Where have all the inhaled biologics gone ?
Jeremy G Clarke1
1GSK, Priory Street, Ware, Hertfordshire, SG12 0DJ, UK
The regulatory approval of Humulin (recombinant human insulin) in 1982 heralded the arrival of medicines derived from biotechnology. In the years that have followed, the proportion of biologics-based New Molecular Entities (NMEs) has continued to grow, recent CDER Approvals Reports indicating that Biologics Licence Applications (BLAs) now account for some 30-40% of FDA approvals[1,2]. In the field of respiratory medicine, subcutaneous injection of monoclonal antibodies targeting immune and inflammatory pathways now offer treatment options for severe allergic asthma.
Recognition of the limitations of parenteral administration has driven significant efforts to develop non-invasive delivery approaches for biotherapeutics, including oral, dermal, nasal and pulmonary administration routes[4,5]. However the formidable challenges to realise safe, stable, efficacious and cost-effective products is evidenced by the continued predominance of subcutaneous and intravenous injection for delivery of biologics.

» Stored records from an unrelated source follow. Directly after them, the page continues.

(* Let $R$ be a valuation domain, $J/A$ a type with $J=\bigcup_{\nu<\omega_1} r_\nu^{-1}R$ as in the context, and let $\delta<\omega_1$ be a limit ordinal such that $R/\bigcap_{\nu<\delta} r_\nu A$ is not complete. Suppose $\{e^\tau_\sigma:\sigma<\tau<\delta\}\subseteq R^*$ satisfies $e^\rho_\tau e^\tau_\sigma-e^\rho_\sigma\in r_\sigma A$ for all $\sigma<\tau<\rho<\delta$. Then there are units $e^\delta_{\sigma,j}\in R^*$ ($\sigma<\delta$, $j\in\{0,1\}$) such that $e^\delta_{\tau,j}e^\tau_\sigma-e^\delta_{\sigma,j}\in r_\sigma A$ for all $\sigma<\tau<\delta$ and $j\in\{0,1\}$, but there is no family of units $\{c_\sigma:\sigma<\delta\}$ together with units $c_{\delta,0},c_{\delta,1}\in R^*$ such that $c_\tau-e^\tau_\sigma c_\sigma\in r_\sigma A$ for all $\sigma<\tau<\delta$ and $c_{\delta,j}-e^\delta_{\sigma,j}c_\sigma\in r_\sigma A$ for all $\sigma<\delta$ and $j\in\{0,1\}$.
   Context: $R$ is a valuation domain with quotient field $Q\neq R$ and unit group $R^*$. $A\subseteq J$ are $R$-submodules of $Q$ with $J=\bigcup_{\nu<\omega_1} r_\nu^{-1}R$, $r_\nu\in R\setminus\{0\}$, $r_\mu\mid r_\nu$ for $\mu<\nu$. $R/\bigcap_{\nu<\delta} r_\nu A$ carries the linear topology with basic neighborhoods of $0$ the images of $r_\nu A$ ($\nu<\delta$); complete means every Cauchy sequence converges. *)

theory Defs
  imports Main "HOL-Library.Countable_Set"
begin

text \<open>The quotient field Q is modelled as the ambient field type 'a; R is a subset of it.\<close>

definition valuation_domain :: "'a::field set \<Rightarrow> bool" where
  "valuation_domain R \<longleftrightarrow>
     0 \<in> R \<and> 1 \<in> R \<and>
     (\<forall>x\<in>R. \<forall>y\<in>R. x + y \<in> R \<and> x * y \<in> R \<and> - x \<in> R) \<and>
     (\<forall>q. q \<noteq> 0 \<longrightarrow> q \<in> R \<or> inverse q \<in> R)"

definition quotient_field_of :: "'a::field set \<Rightarrow> bool" where
  "quotient_field_of R \<longleftrightarrow> (\<forall>q. \<exists>a\<in>R. \<exists>b\<in>R. b \<noteq> 0 \<and> q = a / b)"

definition units_of_dom :: "'a::field set \<Rightarrow> 'a set" where
  "units_of_dom R = {x. x \<in> R \<and> x \<noteq> 0 \<and> inverse x \<in> R}"

definition submodule_of :: "'a::field set \<Rightarrow> 'a set \<Rightarrow> bool" where
  "submodule_of R M \<longleftrightarrow> 0 \<in> M \<and> (\<forall>x\<in>M. \<forall>y\<in>M. x + y \<in> M) \<and>
     (\<forall>r\<in>R. \<forall>x\<in>M. r * x \<in> M)"

definition scale_set :: "'a::field \<Rightarrow> 'a set \<Rightarrow> 'a set" where
  "scale_set r A = {r * a | a. a \<in> A}"

definition dvd_in :: "'a::field set \<Rightarrow> 'a \<Rightarrow> 'a \<Rightarrow> bool" where
  "dvd_in R a b \<longleftrightarrow> (\<exists>t\<in>R. b = t * a)"

definition omega1_type :: "'i::wellorder itself \<Rightarrow> bool" where
  "omega1_type _ \<longleftrightarrow> \<not> countable (UNIV :: 'i set) \<and> (\<forall>i::'i. countable {..<i})"

definition is_limit :: "'i::wellorder \<Rightarrow> bool" where
  "is_limit d \<longleftrightarrow> (\<exists>s. s < d) \<and> (\<forall>s. s < d \<longrightarrow> (\<exists>t. s < t \<and> t < d))"

text \<open>Completeness of R / (\<Inter>_{nu<delta} r_nu A) in the linear topology whose basic
  neighbourhoods of 0 are the images of r_nu A (nu < delta); sequences are lifted to R.\<close>
definition quot_complete :: "'a::field set \<Rightarrow> 'a set \<Rightarrow> ('i::wellorder \<Rightarrow> 'a) \<Rightarrow> 'i \<Rightarrow> bool" where
  "quot_complete R A r d \<longleftrightarrow>
    (\<forall>x :: nat \<Rightarrow> 'a. (\<forall>n. x n \<in> R) \<longrightarrow>
       (\<forall>nu<d. \<exists>N. \<forall>m\<ge>N. \<forall>n\<ge>N. x m - x n \<in> scale_set (r nu) A) \<longrightarrow>
       (\<exists>y\<in>R. \<forall>nu<d. \<exists>N. \<forall>n\<ge>N. x n - y \<in> scale_set (r nu) A))"

end

(* Along a cofinal omega-sequence s of delta the system e can be normalised by
   telescoping, which yields units f_sigma with f_tau e^tau_sigma = f_sigma modulo
   r_sigma A.  Incompleteness provides a Cauchy sequence in R without a limit; sampled
   along delta and shifted by 0 or 1 it becomes a Cauchy family of units z_sigma without
   a limit in R (R is local and some r_nu A misses 1).  Put e^delta_{sigma,0} = f_sigma
   and e^delta_{sigma,1} = z_sigma f_sigma: if units c_sigma, c_{delta,0}, c_{delta,1}
   solved both extended systems, c_{delta,1} / c_{delta,0} would be a limit of z. *)

theory Submission
  imports Defs
begin

lemma units_of_domD:
  assumes "u \<in> units_of_dom R"
  shows "u \<in> R" and "u \<noteq> 0" and "inverse u \<in> R"
  using assms by (simp_all add: units_of_dom_def)

lemma units_of_dom_inverse: "u \<in> units_of_dom R \<Longrightarrow> inverse u \<in> units_of_dom R"
  by (auto simp: units_of_dom_def)

lemma submodule_zero: "submodule_of R N \<Longrightarrow> 0 \<in> N"
  by (simp add: submodule_of_def)

lemma submodule_add: "submodule_of R N \<Longrightarrow> x \<in> N \<Longrightarrow> y \<in> N \<Longrightarrow> x + y \<in> N"
  by (simp add: submodule_of_def)

lemma submodule_mult: "submodule_of R N \<Longrightarrow> t \<in> R \<Longrightarrow> x \<in> N \<Longrightarrow> t * x \<in> N"
  by (simp add: submodule_of_def)

lemma submodule_scale_set:
  assumes "submodule_of R A"
  shows "submodule_of R (scale_set r A)"
  unfolding submodule_of_def scale_set_def
proof (intro conjI ballI)
  have "0 = r * 0" by simp
  then show "0 \<in> {r * a |a. a \<in> A}"
    using submodule_zero[OF assms] by blast
next
  fix x y assume "x \<in> {r * a |a. a \<in> A}" "y \<in> {r * a |a. a \<in> A}"
  then obtain a b where ab: "x = r * a" "y = r * b" "a \<in> A" "b \<in> A" by blast
  then have "x + y = r * (a + b)" by (simp add: distrib_left)
  with submodule_add[OF assms ab(3,4)] show "x + y \<in> {r * a |a. a \<in> A}" by blast
next
  fix t x assume t: "t \<in> R" and "x \<in> {r * a |a. a \<in> A}"
  then obtain a where a: "x = r * a" "a \<in> A" by blast
  then have "t * x = r * (t * a)" by (simp add: mult.left_commute)
  with submodule_mult[OF assms t a(2)] show "t * x \<in> {r * a |a. a \<in> A}" by blast
qed

lemma scale_set_antimono:
  assumes "submodule_of R A" and "dvd_in R a b"
  shows "scale_set b A \<subseteq> scale_set a A"
proof
  fix x assume "x \<in> scale_set b A"
  then obtain c where c: "x = b * c" "c \<in> A" unfolding scale_set_def by blast
  obtain t where t: "t \<in> R" "b = t * a" using assms(2) unfolding dvd_in_def by blast
  have "x = a * (t * c)" using c t by (simp add: ac_simps)
  with submodule_mult[OF assms(1) t(1) c(2)] show "x \<in> scale_set a A"
    unfolding scale_set_def by blast
qed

A historical review (1995) of the potential for pulmonary delivery of biologics described the evaluation of a broad diversity of molecules, but, despite considerable activity in the scientific community, over 20 years later dornase alfa and insulin remain the only two regulatory approved inhaled biologics – where have all the inhaled biologics gone ?
In this paper, the challenges to realising an inhaled biologic will be discussed (exemplified by the dornase alfa and insulin case studies), advances in other non-parenteral delivery approaches briefly reviewed and finally some areas where pulmonary delivery continues to shows promise will be highlighted.